Juan walked past her, yanked the door open and hauled Ana up from her sleeping mat. He hit her with his bare fist. The blows hit her on the arms, with which she tried to protect her face. Then Juan grabbed his daughter's slender wrist with one hand, and with the other, he punched her repeatedly in the face. It wasn't until it had swollen up and blood dropped from her nose that he became aware of Isabel's distraught voice.

‘You'll kill her. You'll kill her. Stop!'

At that, Juan let the girl fall to the floor. He turned around to Isabel.

‘Did you know about this too?' he asked. His voice had suddenly gone quiet.

‘Me?' The fear Isabel felt was written in her eyes. ‘I wanted to tell you, but it …'

‘You knew!' Juan shook his head. He could understand nothing any more.

‘We wanted to surprise you,' whispered Isabel hoarsely.
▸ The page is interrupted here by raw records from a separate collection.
(* Let $W_{32,17}$ be the $32\times 32$ matrix $\begin{pmatrix} A & B\\ -B^T & A^T\end{pmatrix}$, where $A$ and $B$ are $16\times 16$ negacirculant matrices with first rows $r_A=(0,0,1,1,0,0,0,0,1,0,0,0,0,1,1,0)$ and $r_B=(0,1,-1,-1,0,-1,1,0,1,-1,1,1,1,0,-1,1)$ (a skew-symmetric weighing matrix of order $32$ and weight $17$). Let $C_3(W_{32,17})$ be the ternary code of length $64$ with generator matrix $(I\ \ W_{32,17})$, entries read modulo $3$. Then $A_3(C_3(W_{32,17}))$ contains a $7k$-frame and a $23k$-frame for every positive integer $k$.
   Context: An $N\times N$ negacirculant matrix with first row $(r_0,\dots,r_{N-1})$ is the matrix whose $(i,j)$ entry ($0\le i,j\le N-1$) is $r_{j-i}$ if $j\ge i$ and $-r_{N+j-i}$ if $j<i$. A skew-symmetric weighing matrix of order $n$ and weight $w$ is an $n\times n$ $(0,\pm1)$-matrix $W$ with $W^T=-W$ and $WW^T=wI$. Construction A: with $\rho:\mathbb{Z}_k\to\mathbb{Z}$ sending $0,1,\dots,k-1$ to $0,1,\dots,k-1$, for a $\mathbb{Z}_k$-code $C$ of length $N$ set $A_k(C)=\frac{1}{\sqrt{k}}\{\rho(C)+k\mathbb{Z}^N\}$. A $t$-frame of a lattice in dimension $N$ is a set of $N$ lattice vectors $f_1,\dots,f_N$ with $(f_i,f_j)=t\,\delta_{i,j}$. *)

theory Defs
  imports Complex_Main
begin

text \<open>Matrices are functions nat => nat => int, meaningful on indices below the order.
  Vectors of length N are functions nat => _, meaningful on indices below N
  (lattice vectors are required to vanish outside, for definiteness).\<close>

definition negacirculant :: "nat \<Rightarrow> int list \<Rightarrow> nat \<Rightarrow> nat \<Rightarrow> int" where
  "negacirculant N r i j = (if i \<le> j then r ! (j - i) else - (r ! (N + j - i)))"

definition rA :: "int list" where
  "rA = [0,0,1,1,0,0,0,0,1,0,0,0,0,1,1,0]"

definition rB :: "int list" where
  "rB = [0,1,-1,-1,0,-1,1,0,1,-1,1,1,1,0,-1,1]"

definition matA :: "nat \<Rightarrow> nat \<Rightarrow> int" where "matA = negacirculant 16 rA"
definition matB :: "nat \<Rightarrow> nat \<Rightarrow> int" where "matB = negacirculant 16 rB"

definition W32 :: "nat \<Rightarrow> nat \<Rightarrow> int" where
  "W32 i j =
     (if i < 16 then (if j < 16 then matA i j else matB i (j - 16))
      else (if j < 16 then - matB j (i - 16) else matA (j - 16) (i - 16)))"

definition gen_IW :: "nat \<Rightarrow> (nat \<Rightarrow> nat \<Rightarrow> int) \<Rightarrow> nat \<Rightarrow> nat \<Rightarrow> int" where
  "gen_IW n W i j = (if j < n then (if i = j then 1 else 0) else W i (j - n))"

text \<open>The Z_k-code of length N generated by the m rows of G (entries read mod k),
  with codewords represented by their representatives in {0,...,k-1}
  (i.e. already composed with rho); zero outside the length.\<close>
definition code_gen :: "int \<Rightarrow> nat \<Rightarrow> nat \<Rightarrow> (nat \<Rightarrow> nat \<Rightarrow> int) \<Rightarrow> (nat \<Rightarrow> int) set" where
  "code_gen k m N G = {c. \<exists>a :: nat \<Rightarrow> int.
      (\<forall>j<N. c j = (\<Sum>i<m. a i * G i j) mod k) \<and> (\<forall>j\<ge>N. c j = 0)}"

definition C3W :: "(nat \<Rightarrow> int) set" where
  "C3W = code_gen 3 32 64 (gen_IW 32 W32)"

definition constrA :: "int \<Rightarrow> nat \<Rightarrow> (nat \<Rightarrow> int) set \<Rightarrow> (nat \<Rightarrow> real) set" where
  "constrA k N C = {v. \<exists>c\<in>C. \<exists>z :: nat \<Rightarrow> int.
      (\<forall>j<N. v j = real_of_int (c j + k * z j) / sqrt (real_of_int k)) \<and> (\<forall>j\<ge>N. v j = 0)}"

definition inner_N :: "nat \<Rightarrow> (nat \<Rightarrow> real) \<Rightarrow> (nat \<Rightarrow> real) \<Rightarrow> real" where
  "inner_N N u v = (\<Sum>j<N. u j * v j)"

definition has_frame :: "nat \<Rightarrow> (nat \<Rightarrow> real) set \<Rightarrow> real \<Rightarrow> bool" where
  "has_frame N L t = (\<exists>f :: nat \<Rightarrow> nat \<Rightarrow> real.
      (\<forall>i<N. f i \<in> L) \<and>
      (\<forall>i<N. \<forall>j<N. inner_N N (f i) (f j) = (if i = j then t else 0)))"

end

theory Submission
  imports Defs "HOL-Computational_Algebra.Primes"
begin

text \<open>A skew-symmetric weighing matrix \<open>W\<close> of order \<open>n\<close> and weight \<open>w\<close> yields the integer
  matrix \<open>X = [[pI + qW, rI], [-rI, pI - qW]]\<close>, whose rows are orthogonal of squared norm
  \<open>p\<^sup>2 + wq\<^sup>2 + r\<^sup>2\<close> because \<open>W\<^sup>T = -W\<close> and \<open>WW\<^sup>T = wI\<close>. If \<open>k\<close> divides \<open>p\<close>, \<open>q - r\<close> and
  \<open>r + wq\<close>, every row of \<open>X\<close> reduces modulo \<open>k\<close> to a codeword of the code generated by
  \<open>(I | W)\<close>, so the rows of \<open>X/\<surd>k\<close> form a frame of \<open>A\<^sub>k\<close>. Multiplying \<open>X\<close> on the left by a
  block diagonal of \<open>4 \<times> 4\<close> quaternion matrices with rows of squared norm \<open>t = a\<^sup>2 + b\<^sup>2 + c\<^sup>2 + d\<^sup>2\<close> scales the
  frame norm by \<open>t\<close>, and by Lagrange's four-square theorem every \<open>t \<ge> 0\<close> occurs. For
  \<open>W32\<close> and \<open>k = 3\<close>, the choices \<open>(p, q, r) = (0, 1, -2)\<close> and \<open>(6, 1, 4)\<close> give the norms
  \<open>21t/3 = 7t\<close> and \<open>69t/3 = 23t\<close>.\<close>

section \<open>Lagrange's four-square theorem\<close>

definition is_sum4sq :: "int \<Rightarrow> bool" where
  "is_sum4sq n \<longleftrightarrow> (\<exists>a b c d. n = a\<^sup>2 + b\<^sup>2 + c\<^sup>2 + d\<^sup>2)"

lemma euler_four_square_identity:
  fixes x1 x2 x3 x4 y1 y2 y3 y4 :: "'a::comm_ring_1"
  shows "(x1\<^sup>2 + x2\<^sup>2 + x3\<^sup>2 + x4\<^sup>2) * (y1\<^sup>2 + y2\<^sup>2 + y3\<^sup>2 + y4\<^sup>2) =
    (x1*y1 + x2*y2 + x3*y3 + x4*y4)\<^sup>2 + (x1*y2 - x2*y1 + x3*y4 - x4*y3)\<^sup>2 +
    (x1*y3 - x3*y1 + x4*y2 - x2*y4)\<^sup>2 + (x1*y4 - x4*y1 + x2*y3 - x3*y2)\<^sup>2"
  by (simp add: power2_eq_square algebra_simps)

lemma is_sum4sq_mult: "is_sum4sq a \<Longrightarrow> is_sum4sq b \<Longrightarrow> is_sum4sq (a * b)"
  unfolding is_sum4sq_def using euler_four_square_identity by metis

lemma centered_residue:
  fixes x m :: int
  assumes "0 < m"
  obtains y t where "x = y + m * t" and "(2 * y)\<^sup>2 \<le> m\<^sup>2"
proof -
  define h where "h = m div 2"
  define a where "a = (x + h) mod m"
  have "x = (a - h) + m * ((x + h) div m)"
    unfolding a_def by (simp add: algebra_simps minus_div_mult_eq_mod[symmetric])
  moreover have "0 \<le> a" "a < m" "2 * h \<le> m" "m \<le> 2 * h + 1"
    using assms unfolding a_def h_def by simp_all
  then have "\<bar>2 * (a - h)\<bar> \<le> \<bar>m\<bar>" by (simp add: abs_le_iff)
  ultimately show thesis using that abs_le_square_iff by blast
qed

text \<open>Euler's identity applied to \<open>x\<^sub>i = y\<^sub>i + m t\<^sub>i\<close> and \<open>y\<^sub>i\<close>: each of the four
  products is divisible by \<open>m\<close>, so the factor \<open>m\<^sup>2\<close> cancels.\<close>
lemma is_sum4sq_cancel:
  fixes m p r y1 y2 y3 y4 t1 t2 t3 t4 :: int
  assumes "m \<noteq> 0"
    and xs: "m * p = (y1 + m*t1)\<^sup>2 + (y2 + m*t2)\<^sup>2 + (y3 + m*t3)\<^sup>2 + (y4 + m*t4)\<^sup>2"
    and ys: "y1\<^sup>2 + y2\<^sup>2 + y3\<^sup>2 + y4\<^sup>2 = m * r"
  shows "is_sum4sq (r * p)"
proof -
  define w1 where "w1 = r + (t1*y1 + t2*y2 + t3*y3 + t4*y4)"
  define w2 where "w2 = t1*y2 - t2*y1 + t3*y4 - t4*y3"
  define w3 where "w3 = t1*y3 - t3*y1 + t4*y2 - t2*y4"
  define w4 where "w4 = t1*y4 - t4*y1 + t2*y3 - t3*y2"
  have "(y1 + m*t1)*y1 + (y2 + m*t2)*y2 + (y3 + m*t3)*y3 + (y4 + m*t4)*y4
      = (y1\<^sup>2 + y2\<^sup>2 + y3\<^sup>2 + y4\<^sup>2) + m * (t1*y1 + t2*y2 + t3*y3 + t4*y4)"
    by (simp add: power2_eq_square algebra_simps)
  also have "\<dots> = m * w1" unfolding ys w1_def by (simp add: algebra_simps)
  finally have z1: "(y1 + m*t1)*y1 + (y2 + m*t2)*y2 + (y3 + m*t3)*y3 + (y4 + m*t4)*y4 = m * w1" .
  have z2: "(y1 + m*t1)*y2 - (y2 + m*t2)*y1 + (y3 + m*t3)*y4 - (y4 + m*t4)*y3 = m * w2"
    unfolding w2_def by (simp add: algebra_simps)
  have z3: "(y1 + m*t1)*y3 - (y3 + m*t3)*y1 + (y4 + m*t4)*y2 - (y2 + m*t2)*y4 = m * w3"
    unfolding w3_def by (simp add: algebra_simps)
  have z4: "(y1 + m*t1)*y4 - (y4 + m*t4)*y1 + (y2 + m*t2)*y3 - (y3 + m*t3)*y2 = m * w4"
    unfolding w4_def by (simp add: algebra_simps)
  have "(m * p) * (m * r) = (m*w1)\<^sup>2 + (m*w2)\<^sup>2 + (m*w3)\<^sup>2 + (m*w4)\<^sup>2"
    by (simp only: xs flip: ys) (simp only: euler_four_square_identity z1 z2 z3 z4)
  then have "(m * m) * (r * p) = (m * m) * (w1\<^sup>2 + w2\<^sup>2 + w3\<^sup>2 + w4\<^sup>2)"
    by (simp add: power2_eq_square algebra_simps)
  then show ?thesis using \<open>m \<noteq> 0\<close> unfolding is_sum4sq_def by auto
qed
Juan landed a mighty punch on Isabel's temple. She let out a loud cry, swayed and crumpled to the ground.

Bartolomé knew it was his turn next. His father's anger would definitely be even worse against him. He closed his eyes. There was no one to save him. But Juan did not hit him. Instead, he dragged his son into the front room to the washbasin. When Bartolomé opened his eyes, he saw the reflection of his blue face in the water. It reminded him of Don Matteo drowning kittens in a bucket back in the village.

‘Papa, please don't!' he stuttered.

Juan pulled off Bartolomé's clothes with shaking hands. He had great difficulty in controlling himself. Then he washed Bartolomé's naked, crooked body carefully. His movements were firm but not rough. Bartolomé hung there in his arms, limp as a ragdoll.

The thought ran through Bartolomé's head:
He's only doing nothing to me because he's going to take me to the Infanta.
He wished he'd been beaten like Ana and his mother. He wanted to have bruises and welts. Any pain would be better than this empty realisation that his father was going to deliver him to the royal court like a lifeless or, worse, an unloved, unvalued commodity.